Looking for recipes on the Internet can be overwhelming. And I have noticed that I tend to default to the recipes
with the fewest number of ingredients. I reject outright any recipes that list out 15 different herbs and spices...even if I have all of them on hand! I really wish recipes would triage their ingredients a bit better and tell you which ones are absolutely essential and which ones you really don't need. Maybe I'll start a trend...
Over the holidays, one of my youth parents told me that she once cooked an entire Thanksgiving dinner using only crock pot recipes. I found that inspiring, because the crock pot has always seemed a little bit daunting (even though every working person alive assures me it's the easiest way to cook!) So, since we still don't have an oven, I thought I'd give it a go. And since we had a bunch of red potatoes leftover from last week, I decided to make potato soup. I searched until I found a recipe written at a beginner level, with a short ingredient list and pictures.

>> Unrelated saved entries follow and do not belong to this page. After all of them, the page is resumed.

(* For a parameter vector $(a_1,a_2,b_0,b_1,b_2,s_1,s_2)$ with $h_k=a_1q^k+a_2q^{-k}$ pairwise distinct (over $k\geq -1$), let $(\{\alpha_n\}_{n\geq1},\{\beta_n\}_{n\geq0})$ be the recurrence coefficient sequences defined from it. Let $P=(a_1,a_2,b_0,0,0,s_1,s_2)$. (i) If $a_2\neq 0$, then $P$ and $P_1=(a_1,a_2,b_0,b_1,0,\hat s_1,\hat s_2)$, where $b_1=-\frac{b_0a_2+s_2}{a_2}$, $\hat s_1=\frac{qs_1-b_0a_2-s_2}{q}$, $\hat s_2=-b_0a_2$, yield the same pair of sequences $(\alpha_n,\beta_n)$. (ii) If $a_1\neq 0$, then $P$ and $P_2=(a_1,a_2,b_0,0,b_2,\tilde s_1,\tilde s_2)$, where $b_2=-\frac{b_0a_1+s_1}{a_1}$, $\tilde s_1=-b_0a_1$, $\tilde s_2=s_2-qa_1b_0-qs_1$, yield the same pair of sequences $(\alpha_n,\beta_n)$.
   Context: Fix $q\in\mathbb{C}$ with $q\neq 0$ and $|q|\neq 1$. Given a parameter vector $(a_1,a_2,b_0,b_1,b_2,s_1,s_2)\in\mathbb{C}^7$, put $s_0=-s_1-s_2$ and define for integers $k$: $x_k=b_0+b_1q^k+b_2q^{-k}$, $h_k=a_1q^k+a_2q^{-k}$, $d_k=s_0+s_1q^k+s_2q^{-k}$, $g_0=0$, $g_k=x_{k-1}(h_k-h_0)+d_k$ for $k\geq1$. The recurrence coefficients are $$\alpha_n=\frac{g_n}{h_{n-1}-h_n}\left(\frac{g_{n-1}}{h_{n-2}-h_n}-\frac{g_n}{h_{n-1}-h_n}+\frac{g_{n+1}}{h_{n-1}-h_{n+1}}+x_n-x_{n-1}\right),\ n\geq1,\qquad \beta_n=x_n+\frac{g_{n+1}}{h_n-h_{n+1}}-\frac{g_n}{h_{n-1}-h_n},\ n\geq0,$$ where any term containing the factor $g_0=0$ is taken to be $0$. (These are the coefficients of the three-term recurrence $u_{n+1}=(t-\beta_n)u_n-\alpha_nu_{n-1}$ satisfied by the monic polynomials $u_n$ determined by the parameters.) *)

theory Defs
  imports Complex_Main
begin

type_synonym param = "complex \<times> complex \<times> complex \<times> complex \<times> complex \<times> complex \<times> complex"

definition xk :: "complex \<Rightarrow> param \<Rightarrow> int \<Rightarrow> complex" where
  "xk q P k = (case P of (a1, a2, b0, b1, b2, s1, s2) \<Rightarrow> b0 + b1 * q powi k + b2 * q powi (-k))"

definition hk :: "complex \<Rightarrow> param \<Rightarrow> int \<Rightarrow> complex" where
  "hk q P k = (case P of (a1, a2, b0, b1, b2, s1, s2) \<Rightarrow> a1 * q powi k + a2 * q powi (-k))"

definition dk :: "complex \<Rightarrow> param \<Rightarrow> int \<Rightarrow> complex" where
  "dk q P k = (case P of (a1, a2, b0, b1, b2, s1, s2) \<Rightarrow>
      (- s1 - s2) + s1 * q powi k + s2 * q powi (-k))"

definition gk :: "complex \<Rightarrow> param \<Rightarrow> nat \<Rightarrow> complex" where
  "gk q P k = (if k = 0 then 0
      else xk q P (int k - 1) * (hk q P (int k) - hk q P 0) + dk q P (int k))"

text \<open>alpha_n for n >= 1. For n = 1 the first inner term contains g_0 = 0 and is
  0 (division by anything of 0 is 0 in Isabelle).\<close>
definition alpha :: "complex \<Rightarrow> param \<Rightarrow> nat \<Rightarrow> complex" where
  "alpha q P n =
     gk q P n / (hk q P (int n - 1) - hk q P (int n)) *
     (gk q P (n - 1) / (hk q P (int n - 2) - hk q P (int n))
      - gk q P n / (hk q P (int n - 1) - hk q P (int n))
      + gk q P (n + 1) / (hk q P (int n - 1) - hk q P (int n + 1))
      + xk q P (int n) - xk q P (int n - 1))"

text \<open>beta_n for n >= 0. For n = 0 the last term contains g_0 = 0 and is 0.\<close>
definition beta :: "complex \<Rightarrow> param \<Rightarrow> nat \<Rightarrow> complex" where
  "beta q P n =
     xk q P (int n) + gk q P (n + 1) / (hk q P (int n) - hk q P (int n + 1))
     - gk q P n / (hk q P (int n - 1) - hk q P (int n))"

definition same_coeffs :: "complex \<Rightarrow> param \<Rightarrow> param \<Rightarrow> bool" where
  "same_coeffs q P Q \<longleftrightarrow> (\<forall>n\<ge>1. alpha q P n = alpha q Q n) \<and> (\<forall>n. beta q P n = beta q Q n)"

end

theory Submission
  imports Defs
begin

text \<open>Part (ii) is part (i) in disguise: the coefficients only involve the sequences x, h, d,
  and these are unchanged when q is replaced by 1/q and the roles of (a1, b1, s1) and
  (a2, b2, s2) are exchanged.

  For part (i), write s2 = -a2 (b0 + b1) and A = b0 a1 + s1. Then g_k = (q^k - 1)(A + a2 b1 q^-k)
  before and g_k = (q^k - 1)(A + a1 b1 q^(k-1)) after the shift, while
  h_(k-1) - h_k = (1 - q)(a1 q^(k-1) - a2 q^-k). So the shift adds b1 (q^k - 1)/(1 - q) to
  g_k / (h_(k-1) - h_k), which in beta_n telescopes against the change b1 q^n of x_n.
  For alpha_n, once the denominators (nonzero as the h_k are distinct) are cleared, the claim
  is a polynomial identity in q, 1/q, q^n and q^-n.\<close>

definition swap_param :: "param \<Rightarrow> param" where
  "swap_param = (\<lambda>(a1, a2, b0, b1, b2, s1, s2). (a2, a1, b0, b2, b1, s2, s1))"

lemma xk_swap_param: "xk (inverse q) (swap_param P) k = xk q P k"
  by (cases P) (simp add: xk_def swap_param_def power_int_inverse power_int_minus)

lemma hk_swap_param: "hk (inverse q) (swap_param P) k = hk q P k"
  by (cases P) (simp add: hk_def swap_param_def power_int_inverse power_int_minus)

lemma dk_swap_param: "dk (inverse q) (swap_param P) k = dk q P k"
  by (cases P) (simp add: dk_def swap_param_def power_int_inverse power_int_minus)

lemma same_coeffs_swap_param:
  "same_coeffs (inverse q) (swap_param P) (swap_param Q) \<longleftrightarrow> same_coeffs q P Q"
  by (simp add: same_coeffs_def alpha_def beta_def gk_def xk_swap_param hk_swap_param dk_swap_param)

lemma alpha_mult_denominators:
  fixes q :: complex and P :: param and n :: nat
  defines "D1 \<equiv> hk q P (int n - 1) - hk q P n"
    and "D2 \<equiv> hk q P (int n - 2) - hk q P n"
    and "D3 \<equiv> hk q P (int n - 1) - hk q P (int n + 1)"
  assumes "D1 \<noteq> 0" "D2 \<noteq> 0" "D3 \<noteq> 0"
  shows "alpha q P n * (D1\<^sup>2 * D2 * D3)
    = gk q P n * (gk q P (n - 1) * D1 * D3 - gk q P n * D2 * D3 + gk q P (n + 1) * D1 * D2
                  + (xk q P n - xk q P (int n - 1)) * D1 * D2 * D3)"
proof -
  have "A / D1 * (B / D2 - A / D1 + C / D3 + X1 - X0) * (D1\<^sup>2 * D2 * D3)
      = A * (B * D1 * D3 - A * D2 * D3 + C * D1 * D2 + (X1 - X0) * D1 * D2 * D3)" for A B C X1 X0
    using assms(4-6) by (simp add: field_simps power2_eq_square)
  then show ?thesis
    unfolding alpha_def D1_def D2_def D3_def .
qed

context
  fixes q a1 a2 b0 b1 s1 :: complex
begin

text \<open>The pair of part (i), parametrised by \<open>b1\<close> rather than by \<open>s2 = - a2 * (b0 + b1)\<close>,
  so that \<open>a2 \<noteq> 0\<close> is not needed.\<close>

private abbreviation "unshifted \<equiv> (a1, a2, b0, 0, 0, s1, - a2 * (b0 + b1))"
private abbreviation "shifted \<equiv> (a1, a2, b0, b1, 0, s1 + a2 * b1 / q, - b0 * a2)"

lemma hk_b1_shifted: "hk q shifted k = hk q unshifted k"
  by (simp add: hk_def)

lemma hk_unshifted: "hk q unshifted k = a1 * q powi k + a2 * q powi (- k)"
  by (simp add: hk_def)

lemma xk_unshifted: "xk q unshifted k = b0"
  by (simp add: xk_def)

lemma xk_b1_shifted: "xk q shifted k = xk q unshifted k + b1 * q powi k"
  by (simp add: xk_def)

lemma gk_unshifted:
  assumes "q \<noteq> 0"
  shows "gk q unshifted k = (q powi k - 1) * (b0 * a1 + s1 + a2 * b1 * q powi (- k))"
  using assms by (simp add: gk_def xk_def hk_def dk_def power_int_minus field_simps)

lemma gk_b1_shifted:
  assumes "q \<noteq> 0"
  shows "gk q shifted k = (q powi k - 1) * (b0 * a1 + s1 + a1 * b1 * q powi (int k - 1))"
  using assms
  by (simp add: gk_def xk_def hk_def dk_def power_int_minus power_int_diff field_simps)

lemma gk_ratio_b1_shifted:
  assumes q: "q \<noteq> 0" "q \<noteq> 1" and h: "hk q unshifted (int k - 1) \<noteq> hk q unshifted k"
  shows "gk q shifted k / (hk q unshifted (int k - 1) - hk q unshifted k)
    = gk q unshifted k / (hk q unshifted (int k - 1) - hk q unshifted k)
      + b1 * (q powi k - 1) / (1 - q)"
proof -
  define K where "K = a1 * q powi (int k - 1) - a2 * q powi (- k)"
  have diff: "hk q unshifted (int k - 1) - hk q unshifted k = (1 - q) * K"
    using q by (simp add: K_def hk_def power_int_minus power_int_diff field_simps)
  have shift: "gk q shifted k = gk q unshifted k + b1 * (q powi k - 1) * K"
    unfolding gk_unshifted[OF q(1)] gk_b1_shifted[OF q(1)]
    using q by (simp add: K_def power_int_minus power_int_diff field_simps)
  have "K \<noteq> 0"
    using h diff by auto
  then show ?thesis
    unfolding diff shift add_divide_distrib by simp
qed

lemma beta_b1_shifted:
  assumes q: "q \<noteq> 0" "q \<noteq> 1"
    and h: "hk q unshifted (int n - 1) \<noteq> hk q unshifted n"
      "hk q unshifted n \<noteq> hk q unshifted (int n + 1)"
  shows "beta q shifted n = beta q unshifted n"
proof -
  have ratio_next: "gk q shifted (n + 1) / (hk q unshifted n - hk q unshifted (int n + 1))
      = gk q unshifted (n + 1) / (hk q unshifted n - hk q unshifted (int n + 1))
        + b1 * (q powi (int n + 1) - 1) / (1 - q)"
  proof -
    have "hk q unshifted (int (n + 1) - 1) \<noteq> hk q unshifted (int (n + 1))"
      using h(2) by (simp add: add.commute)
    from gk_ratio_b1_shifted[OF q this] show ?thesis
      by (simp only: of_nat_add of_nat_1 add_diff_cancel_right')
  qed
  have telescope:
    "b1 * q powi n + b1 * (q powi (int n + 1) - 1) / (1 - q) - b1 * (q powi n - 1) / (1 - q) = 0"
    using q by (simp add: power_int_add field_simps)
  show ?thesis
    unfolding beta_def hk_b1_shifted xk_b1_shifted ratio_next gk_ratio_b1_shifted[OF q h(1)]
    using telescope by (simp add: algebra_simps)
qed

lemma alpha_b1_shifted:
  assumes q: "q \<noteq> 0" and n: "n \<ge> 1"
  defines "D1 \<equiv> hk q unshifted (int n - 1) - hk q unshifted n"
    and "D2 \<equiv> hk q unshifted (int n - 2) - hk q unshifted n"
    and "D3 \<equiv> hk q unshifted (int n - 1) - hk q unshifted (int n + 1)"
  assumes D: "D1 \<noteq> 0" "D2 \<noteq> 0" "D3 \<noteq> 0"
  shows "alpha q shifted n = alpha q unshifted n"
proof -
  define z where "z = q powi n"
  have z: "z \<noteq> 0"
    using q by (simp add: z_def)
  have powers:
    "q powi (int n - 1) = z * inverse q" "q powi (int n - 1 - 1) = z * inverse q ^ 2"
    "q powi (int n - 2) = z * inverse q ^ 2" "q powi (int n + 1) = z * q"
    "q powi (- int n) = inverse z" "q powi (- (int n - 1)) = q * inverse z"
    "q powi (- (int n - 2)) = q ^ 2 * inverse z" "q powi (- (int n + 1)) = inverse z * inverse q"
    "q powi (int n + 1 - 1) = z"
    using q by (simp_all add: z_def power_int_diff power_int_add power_int_minus field_simps)
  have index: "int (n - 1) = int n - 1" "int (n + 1) = int n + 1"
    using n by simp_all
  have inverses: "q * inverse q = 1" "z * inverse z = 1"
    using q z by simp_all
  note cleared_unshifted =
    alpha_mult_denominators[of q unshifted n, OF D[unfolded D1_def D2_def D3_def]]
  note cleared_shifted = alpha_mult_denominators[of q shifted n,
      OF D[unfolded D1_def D2_def D3_def hk_b1_shifted[symmetric]], unfolded hk_b1_shifted]
  have "alpha q shifted n * (D1\<^sup>2 * D2 * D3) = alpha q unshifted n * (D1\<^sup>2 * D2 * D3)"
    unfolding D1_def D2_def D3_def cleared_unshifted cleared_shifted xk_b1_shifted
    unfolding gk_unshifted[OF q] gk_b1_shifted[OF q] hk_unshifted xk_unshifted index powers
      z_def[symmetric]
    using inverses by algebra
  then show ?thesis
    using D by simp
qed

lemma same_coeffs_b1_shifted:
  assumes "q \<noteq> 0" and inj: "inj_on (\<lambda>k. a1 * q powi k + a2 * q powi (- k)) {-1..}"
  shows "same_coeffs q unshifted shifted"
proof -
  have hk_ne: "hk q unshifted j \<noteq> hk q unshifted k" if "j \<ge> -1" "k \<ge> -1" "j \<noteq> k" for j k
    using inj that by (auto simp: hk_def dest: inj_onD)
  have "q \<noteq> 1"
    using hk_ne[of 0 1] by (auto simp: hk_def)
  show ?thesis
    unfolding same_coeffs_def
    using alpha_b1_shifted beta_b1_shifted hk_ne assms \<open>q \<noteq> 1\<close> by simp
qed

end

theorem mainTheorem9:
  fixes q a1 a2 b0 s1 s2 :: complex
  assumes hq0: "q \<noteq> 0" and hq1: "norm q \<noteq> 1"
    and hdist: "\<And>j k :: int. j \<ge> -1 \<Longrightarrow> k \<ge> -1 \<Longrightarrow> j \<noteq> k \<Longrightarrow>
                  a1 * q powi j + a2 * q powi (-j) \<noteq> a1 * q powi k + a2 * q powi (-k)"
  shows "(a2 \<noteq> 0 \<longrightarrow>
            same_coeffs q (a1, a2, b0, 0, 0, s1, s2)
              (a1, a2, b0, - (b0 * a2 + s2) / a2, 0, (q * s1 - b0 * a2 - s2) / q, - b0 * a2))
       \<and> (a1 \<noteq> 0 \<longrightarrow>
            same_coeffs q (a1, a2, b0, 0, 0, s1, s2)
              (a1, a2, b0, 0, - (b0 * a1 + s1) / a1, - b0 * a1, s2 - q * a1 * b0 - q * s1))"
proof (intro conjI impI)
  have inj: "inj_on (\<lambda>k. a1 * q powi k + a2 * q powi (- k)) {-1..}"
    by (rule inj_onI) (use hdist in fastforce)
  show "same_coeffs q (a1, a2, b0, 0, 0, s1, s2)
          (a1, a2, b0, - (b0 * a2 + s2) / a2, 0, (q * s1 - b0 * a2 - s2) / q, - b0 * a2)"
    if "a2 \<noteq> 0"
  proof -
    define b1 where "b1 = - (b0 * a2 + s2) / a2"
    have "same_coeffs q (a1, a2, b0, 0, 0, s1, - a2 * (b0 + b1))
        (a1, a2, b0, b1, 0, s1 + a2 * b1 / q, - b0 * a2)"
      by (rule same_coeffs_b1_shifted[OF hq0 inj])
    moreover have "- a2 * (b0 + b1) = s2" "s1 + a2 * b1 / q = (q * s1 - b0 * a2 - s2) / q"
      using \<open>a2 \<noteq> 0\<close> hq0 by (simp_all add: b1_def field_simps)
    ultimately show "same_coeffs q (a1, a2, b0, 0, 0, s1, s2)
        (a1, a2, b0, b1, 0, (q * s1 - b0 * a2 - s2) / q, - b0 * a2)"
      by simp
  qed
  show "same_coeffs q (a1, a2, b0, 0, 0, s1, s2)
          (a1, a2, b0, 0, - (b0 * a1 + s1) / a1, - b0 * a1, s2 - q * a1 * b0 - q * s1)"
    if "a1 \<noteq> 0"
  proof (rule same_coeffs_swap_param[THEN iffD1])
    define b2 where "b2 = - (b0 * a1 + s1) / a1"
    have "inj_on (\<lambda>k. a2 * inverse q powi k + a1 * inverse q powi (- k)) {-1..}"
      using inj by (simp add: power_int_inverse power_int_minus add.commute)
    then have "same_coeffs (inverse q) (a2, a1, b0, 0, 0, s2, - a1 * (b0 + b2))
        (a2, a1, b0, b2, 0, s2 + a1 * b2 / inverse q, - b0 * a1)"
      by (rule same_coeffs_b1_shifted[rotated]) (use hq0 in simp)
    moreover have "- a1 * (b0 + b2) = s1" "s2 + a1 * b2 / inverse q = s2 - q * a1 * b0 - q * s1"
      using \<open>a1 \<noteq> 0\<close> by (simp_all add: b2_def field_simps)
    ultimately show "same_coeffs (inverse q) (swap_param (a1, a2, b0, 0, 0, s1, s2))
        (swap_param (a1, a2, b0, 0, b2, - b0 * a1, s2 - q * a1 * b0 - q * s1))"
      by (simp add: swap_param_def)
  qed
qed

end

I have to report that "everyone else" was right. Using the crock pot was extremely easy...and that's coming from someone who once burned a frozen dinner! Jordan took a bite, and made a face that I'd never seen before. "What's wrong?" I asked.
"This is the best thing you've ever cooked!" he said.
I know that might not be saying much...or maybe it's saying a WHOLE LOT!!
Crock Pot Red Potato Soup
Time: 20 minutes in the morning, 8 hours in the crock pot, 20 minutes in the evening
Servings: 4
You definitely need these ingredients:
- red potatoes (approx. 2 pounds)
- 1 can of chicken broth
- 1 cup of half & half
Optional add-ins:
- sliced green onions (approx. 2 stalks for the soup itself, and some extra for garnish. The original recipe calls for 1/4 a regular onion in the soup instead.)
- salt & pepper
- Any other neutral vegetables that you have lying around (i.e. mushrooms, celery)
- Garnish: bacon bits, shredded cheese, sour cream, green onions, etc.
Wash and skin the red potatoes...but don't be too militant about it. The skins add texture, flavor, and nutrients, so leave some on. Cut the potatoes into small cubes, and place in crock pot. Add chicken broth, green onions, and salt and pepper. If you want to add any other vegetables, you can do that too (I added a few chopped mushrooms). Cook on low for 8 hours.
In the evening:
Don't freak out when you look at your mixture and it doesn't look like soup yet. It will! Mash it up to your desired level of lumpiness using a potato masher, or if you don't have one, a spoon. (Guess which one I used?? :)) Add the half and half. Cook on high for 20 minutes. Garnish as desired (we added green onions and cheese, and served with crusty bread). Eat and enjoy!